We leave this week and wonder what type of delays we will experience. The media say that delays are 30 minutes which I would term usual? 

Anyone got recent experience?


----------



## EJB (Aug 25, 2007)

Currently it's different every day so I can't see anyone being able to forecast the situation.
We returned to Dover the morning after the first serious incident and weren't delayed one minute!:wink2:


----------



## spykal (May 9, 2005)

Hi Citysafe

There is a guy from Eurotunnel, Chris, who posts to the official Eurotunnel Twitter page who gives extra info about why there are delays this morning.
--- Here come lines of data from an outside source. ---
lemma ultrafilter_on_prod:
  assumes U: "ultrafilter_on X U" and V: "ultrafilter_on Y V"
  shows "ultrafilter_on (X \<times> Y) (ultrafilter_prod X Y U V)"
proof (rule ultrafilter_onI)
  define large_fibres where "large_fibres C = {x \<in> X. {y \<in> Y. (x, y) \<in> C} \<in> V}" for C
  have mem: "C \<in> ultrafilter_prod X Y U V \<longleftrightarrow> large_fibres C \<in> U" if "C \<subseteq> X \<times> Y" for C
    using that unfolding ultrafilter_prod_def large_fibres_def by simp
  show "ultrafilter_prod X Y U V \<subseteq> Pow (X \<times> Y)"
    unfolding ultrafilter_prod_def by auto
  have "large_fibres (X \<times> Y) = X"
    using ultrafilter_on_top[OF V] unfolding large_fibres_def by auto
  then show "X \<times> Y \<in> ultrafilter_prod X Y U V"
    using mem ultrafilter_on_top[OF U] by simp
  show "X \<times> Y - B \<in> ultrafilter_prod X Y U V \<longleftrightarrow> B \<notin> ultrafilter_prod X Y U V"
    if "B \<subseteq> X \<times> Y" for B
  proof -
    have "{y \<in> Y. (x, y) \<in> X \<times> Y - B} = Y - {y \<in> Y. (x, y) \<in> B}" if "x \<in> X" for x
      using that by auto
    then have "large_fibres (X \<times> Y - B) = X - large_fibres B"
      unfolding large_fibres_def by (auto simp: ultrafilter_on_Diff_iff[OF V])
    then show ?thesis
      using that mem[of B] mem[of "X \<times> Y - B"] ultrafilter_on_Diff_iff[OF U, of "large_fibres B"]
      by (auto simp: large_fibres_def)
  qed
  show "B \<inter> C \<in> ultrafilter_prod X Y U V \<longleftrightarrow>
      B \<in> ultrafilter_prod X Y U V \<and> C \<in> ultrafilter_prod X Y U V"
    if "B \<subseteq> X \<times> Y" "C \<subseteq> X \<times> Y" for B C
  proof -
    have "{y \<in> Y. (x, y) \<in> B \<inter> C} = {y \<in> Y. (x, y) \<in> B} \<inter> {y \<in> Y. (x, y) \<in> C}" for x
      by auto
    then have "large_fibres (B \<inter> C) = large_fibres B \<inter> large_fibres C"
      unfolding large_fibres_def by (auto simp: ultrafilter_on_Int_iff[OF V])
    then show ?thesis
      using that mem[of B] mem[of C] mem[of "B \<inter> C"] ultrafilter_on_Int_iff[OF U, of "large_fibres B" "large_fibres C"]
      by (auto simp: large_fibres_def)
  qed
qed

lemma gamma_lam_tensor_SL:
  assumes "ultrafilter_on X1 V"
  shows "gamma_lam S (tensor p lam0 lam1) (X0 \<times> X1) (SL i) (ultrafilter_prod X0 X1 U V)
    = gamma_lam S lam0 X0 i U"
  unfolding gamma_lam_def
  by (simp add: Collect_in_ultrafilter_prod_iff ultrafilter_on_const[OF assms])

lemma gamma_lam_tensor_SR:
  assumes "ultrafilter_on X0 U"
  shows "gamma_lam S (tensor p lam0 lam1) (X0 \<times> X1) (SR j) (ultrafilter_prod X0 X1 U V)
    = gamma_lam S lam1 X1 j V"
  unfolding gamma_lam_def
  by (simp add: Collect_in_ultrafilter_prod_iff ultrafilter_on_const[OF assms])

lemma gamma_lam_tensor_SP:
  assumes V: "ultrafilter_on X1 V"
    and range0: "\<forall>x\<in>X0. set_option (lam0 i x) \<subseteq> S"
    and range1: "\<forall>y\<in>X1. set_option (lam1 j y) \<subseteq> S"
  shows "gamma_lam S (tensor p lam0 lam1) (X0 \<times> X1) (SP i j) (ultrafilter_prod X0 X1 U V)
    = tensor (gamma_op S p) (gamma_lam S lam0 X0) (gamma_lam S lam1 X1) (SP i j) (U, V)"
proof -
  define hits where "hits B a = {y \<in> X1. \<exists>b. lam1 j y = Some b \<and> b \<in> S \<and>
      (\<exists>u. p a b = Some u \<and> u \<in> B)}" for B a
  have fibre: "{y \<in> X1. \<exists>u. tensor p lam0 lam1 (SP i j) (x, y) = Some u \<and> u \<in> B} \<in> V
      \<longleftrightarrow> (\<exists>a. lam0 i x = Some a \<and> a \<in> S \<and> hits B a \<in> V)" if "x \<in> X0" for x B
  proof (cases "lam0 i x")
    case None
    then show ?thesis
      using ultrafilter_on_empty[OF V] by simp
  next
    case (Some a)
    have "{y \<in> X1. \<exists>u. tensor p lam0 lam1 (SP i j) (x, y) = Some u \<and> u \<in> B} = hits B a"
      using Some range1 unfolding hits_def by (fastforce split: Option.bind_splits)
    then show ?thesis
      using Some range0 that by auto
  qed
  have "{x \<in> X0. {y \<in> X1. \<exists>u. tensor p lam0 lam1 (SP i j) (x, y) = Some u \<and> u \<in> B} \<in> V}
      = {x \<in> X0. \<exists>a. lam0 i x = Some a \<and> a \<in> {s \<in> S. hits B s \<in> V}}" for B
    using fibre by blast
  then show ?thesis
    unfolding gamma_lam_def gamma_op_def gamma_mult_def
    by (auto simp: Collect_in_ultrafilter_prod_iff hits_def)
qed

lemma gamma_lam_tensor:
  assumes U: "ultrafilter_on X0 U" and V: "ultrafilter_on X1 V"
    and range0: "\<forall>i\<in>L0. \<forall>x\<in>X0. set_option (lam0 i x) \<subseteq> S"
    and range1: "\<forall>j\<in>L1. \<forall>y\<in>X1. set_option (lam1 j y) \<subseteq> S"
    and "k \<in> star_set L0 L1"
  shows "gamma_lam S (tensor p lam0 lam1) (X0 \<times> X1) k (ultrafilter_prod X0 X1 U V)
    = tensor (gamma_op S p) (gamma_lam S lam0 X0) (gamma_lam S lam1 X1) k (U, V)"
proof -
  from \<open>k \<in> star_set L0 L1\<close> consider i where "k = SL i" | j where "k = SR j"
    | i j where "k = SP i j" "i \<in> L0" "j \<in> L1"
    unfolding star_set_def by auto
  then show ?thesis
  proof cases
    case (3 i j)
    then show ?thesis
      using gamma_lam_tensor_SP[OF V, of X0 lam0 i S lam1 j p U] range0 range1 by simp
  qed (simp_all add: gamma_lam_tensor_SL[OF V] gamma_lam_tensor_SR[OF U])
qed

lemma partial_semigroup_defined_assoc:
  assumes "partial_semigroup S p" and "r \<in> S" "s \<in> S" "t \<in> S"
    and "p r s = Some u" and "p u t \<noteq> None"
  shows "\<exists>v. p s t = Some v \<and> p r v \<noteq> None"
proof -
  have "Option.bind (p r s) (\<lambda>u. p u t) = Option.bind (p s t) (\<lambda>v. p r v)"
    using assms(1-4) unfolding partial_semigroup_def by blast
  then have "Option.bind (p s t) (\<lambda>v. p r v) \<noteq> None"
    using assms(5,6) by simp
  then show ?thesis
    by (cases "p s t") auto
qed

lemma tensor_SP_defined_in_prod:
  assumes ps: "partial_semigroup S p" and "s \<in> S"
    and U: "ultrafilter_on X0 U" and V: "ultrafilter_on X1 V"
    and range0: "\<forall>x\<in>X0. set_option (lam0 i x) \<subseteq> S"
    and range1: "\<forall>y\<in>X1. set_option (lam1 j y) \<subseteq> S"
    and defined0: "{x \<in> X0. app_defined p s (lam0 i x)} \<in> U"
    and defined1: "\<forall>c\<in>S. {y \<in> X1. app_defined p c (lam1 j y)} \<in> V"
  shows "{z \<in> X0 \<times> X1. app_defined p s (tensor p lam0 lam1 (SP i j) z)} \<in> ultrafilter_prod X0 X1 U V"
proof -
  let ?large_fibres = "{x \<in> X0. {y \<in> X1. app_defined p s (tensor p lam0 lam1 (SP i j) (x, y))} \<in> V}"
  have "x \<in> ?large_fibres" if x: "x \<in> X0" "app_defined p s (lam0 i x)" for x
  proof -
    obtain a c where a: "lam0 i x = Some a" and c: "p s a = Some c"
      using x unfolding app_defined_def by auto
    have "a \<in> S"
      using a x range0 by auto
    then have "c \<in> S"
      using c ps \<open>s \<in> S\<close> unfolding partial_semigroup_def by blast
    have "{y \<in> X1. app_defined p c (lam1 j y)}
        \<subseteq> {y \<in> X1. app_defined p s (tensor p lam0 lam1 (SP i j) (x, y))}"
    proof safe
      fix y assume "y \<in> X1" "app_defined p c (lam1 j y)"
      then obtain b where b: "lam1 j y = Some b" "b \<in> S" "p c b \<noteq> None"
        using range1 unfolding app_defined_def by auto
      then obtain v where "p a b = Some v" "p s v \<noteq> None"
        using partial_semigroup_defined_assoc[OF ps \<open>s \<in> S\<close> \<open>a \<in> S\<close> \<open>b \<in> S\<close> c] by blast
      then show "app_defined p s (tensor p lam0 lam1 (SP i j) (x, y))"
        using a b unfolding app_defined_def by simp
    qed
    then show ?thesis
      using defined1 \<open>c \<in> S\<close> x ultrafilter_on_mono[OF V] by blast
  qed
  then have "?large_fibres \<in> U"
    by (intro ultrafilter_on_mono[OF U defined0]) auto
  then show ?thesis
    by (simp add: Collect_in_ultrafilter_prod_iff)
qed

lemma ultrafilter_prod_in_gammaX:
  assumes ps: "partial_semigroup S p"
    and range0: "\<forall>i\<in>L0. \<forall>x\<in>X0. set_option (lam0 i x) \<subseteq> S"
    and range1: "\<forall>j\<in>L1. \<forall>y\<in>X1. set_option (lam1 j y) \<subseteq> S"
    and "U \<in> gammaX S p L0 lam0 X0" and "V \<in> gammaX S p L1 lam1 X1"
  shows "ultrafilter_prod X0 X1 U V \<in> gammaX S p (star_set L0 L1) (tensor p lam0 lam1) (X0 \<times> X1)"
proof -
  have U: "ultrafilter_on X0 U" and defined0: "\<forall>s\<in>S. \<forall>i\<in>L0. {x \<in> X0. app_defined p s (lam0 i x)} \<in> U"
    using \<open>U \<in> gammaX S p L0 lam0 X0\<close> unfolding gammaX_def by auto
  have V: "ultrafilter_on X1 V" and defined1: "\<forall>s\<in>S. \<forall>j\<in>L1. {y \<in> X1. app_defined p s (lam1 j y)} \<in> V"
    using \<open>V \<in> gammaX S p L1 lam1 X1\<close> unfolding gammaX_def by auto
  have "{z \<in> X0 \<times> X1. app_defined p s (tensor p lam0 lam1 k z)} \<in> ultrafilter_prod X0 X1 U V"
    if "s \<in> S" and "k \<in> star_set L0 L1" for s k
  proof -
    from \<open>k \<in> star_set L0 L1\<close> consider i where "k = SL i" "i \<in> L0" | j where "k = SR j" "j \<in> L1"
      | i j where "k = SP i j" "i \<in> L0" "j \<in> L1"
      unfolding star_set_def by auto
    then show ?thesis
    proof cases
      case (1 i)
      then show ?thesis
        using defined0 \<open>s \<in> S\<close>
        by (simp add: Collect_in_ultrafilter_prod_iff ultrafilter_on_const[OF V])
    next
      case (2 j)
      then show ?thesis
        using defined1 \<open>s \<in> S\<close>
        by (simp add: Collect_in_ultrafilter_prod_iff ultrafilter_on_top[OF U])
    next
      case (3 i j)
      show ?thesis
        unfolding \<open>k = SP i j\<close>
        by (rule tensor_SP_defined_in_prod[OF ps \<open>s \<in> S\<close> U V])
          (use 3 range0 range1 defined0 defined1 \<open>s \<in> S\<close> in auto)
    qed
  qed
  then show ?thesis
    unfolding gammaX_def using ultrafilter_on_prod[OF U V] by simp
qed

theorem proposition3p2:
  fixes S :: "'a set" and p :: "'a \<Rightarrow> 'a \<Rightarrow> 'a option"
    and L0 :: "'i set" and lam0 :: "'i \<Rightarrow> 'x \<Rightarrow> 'a option" and X0 :: "'x set"
    and L1 :: "'j set" and lam1 :: "'j \<Rightarrow> 'y \<Rightarrow> 'a option" and X1 :: "'y set"
  assumes "partial_semigroup S p"
    and "finite L0" and "finite L1"
    and "function_array S p L0 lam0 X0"
    and "function_array S p L1 lam1 X1"
  shows "\<exists>f g. fa_hom
           (gammaS S p) (gamma_op S p) (star_set L0 L1)
           (tensor (gamma_op S p) (gamma_lam S lam0 X0) (gamma_lam S lam1 X1))
           (gammaX S p L0 lam0 X0 \<times> gammaX S p L1 lam1 X1)
           (gammaS S p) (gamma_op S p)
           (gamma_lam S (tensor p lam0 lam1) (X0 \<times> X1))
           (gammaX S p (star_set L0 L1) (tensor p lam0 lam1) (X0 \<times> X1))
           f g"
proof -
  have range0: "\<forall>i\<in>L0. \<forall>x\<in>X0. set_option (lam0 i x) \<subseteq> S"
    using assms(4) unfolding function_array_def by blast
  have range1: "\<forall>j\<in>L1. \<forall>y\<in>X1. set_option (lam1 j y) \<subseteq> S"
    using assms(5) unfolding function_array_def by blast
  show ?thesis
    unfolding fa_hom_def
    by (intro exI[of _ "\<lambda>(U, V). ultrafilter_prod X0 X1 U V"] exI[of _ id])
      (use ultrafilter_prod_in_gammaX[OF assms(1) range0 range1]
        gamma_lam_tensor[OF _ _ range0 range1] in \<open>auto simp: gammaX_def option.map_id\<close>)
qed

end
https://twitter.com/leshuttle

and I like to use the motorway webcams to check live traffic info. This link is to the entrance to the Eurotunnel complex, it looks OK :wink2::

http://roadca.ms/983


----------



## Stanner (Aug 17, 2006)

spykal said:


> Hi Citysafe
> 
> There is a guy from Eurotunnel, Chris, who posts to the official Eurotunnel Twitter page who gives extra info about why there are delays this morning.
> 
> ...


What worries me is that there does not appear to be any traffic whatsoever moving on the M.20 or the tunnel access road.


----------



## Stanner (Aug 17, 2006)

Ahh there is some on the slip road now.


----------



## Citysafe (Feb 5, 2006)

Thank you - really useful.


----------



## Stanner (Aug 17, 2006)

If you want full up to date traffic info use the Traffic England site.
http://www.trafficengland.com/map.a...ong1=87.84378918101663&lat1=3028.597650115512


----------



## spykal (May 9, 2005)

Stanner said:


> If you want full up to date traffic info use the Traffic England site.
> http://www.trafficengland.com/map.a...ong1=87.84378918101663&lat1=3028.597650115512


I like that one too :wink2:

I often use a selection of traffic info before setting off and while travelling ... The traffic info on Google maps works well but for a quick look at a traffic flow map, which at the moment shows, if you zoom in on the tunnel terminal the queue waiting to board the tunnel train :wink2: ) give this map a try :-

Live Traffic from TomTom <<


----------



## spykal (May 9, 2005)

Looks like it's (M20) snarled up again:-

http://roadca.ms/983

edit ...it is not the tunnel that is the problem it is an incident closer to Dover holding up the trucks and causing a massive tailback


----------



## listerdiesel (Aug 3, 2012)

M25 was a mess this morning, coach crash at 06.40 and it's been cr*p ever since.

Took me 4 hours to do 98 miles to Selhurst, almost as much coming back at 2.30 in the afternoon.

Peter


----------



## gaspode (May 9, 2005)

For those of you with an Android phone, try JamCam - it works really well.

https://play.google.com/store/apps/details?id=com.jazmik.jamcam2&hl=en


----------



## teemyob (Nov 22, 2005)

I was going to chance it one way in a few weeks (coming back). But what with all the troubles, I have gone with North Sea both ways. We also have five return bookings made with Brittany Ferries to Spain and France. Maybe some in the pipeline for Stena Vouchers for holland that we will not be using for the tunnel.

TM


----------



## wp1234 (Sep 29, 2009)

Came back from France yesterday , no delays at all . 

The 30 minutes final check in time is tight due rubbish UKBA passport checking procedures , you just wonder why can't they open all the booths when they know it's going to be busy !

Still if you on the way back into the UK it gets you back into the way of things in good old Blighty ....


----------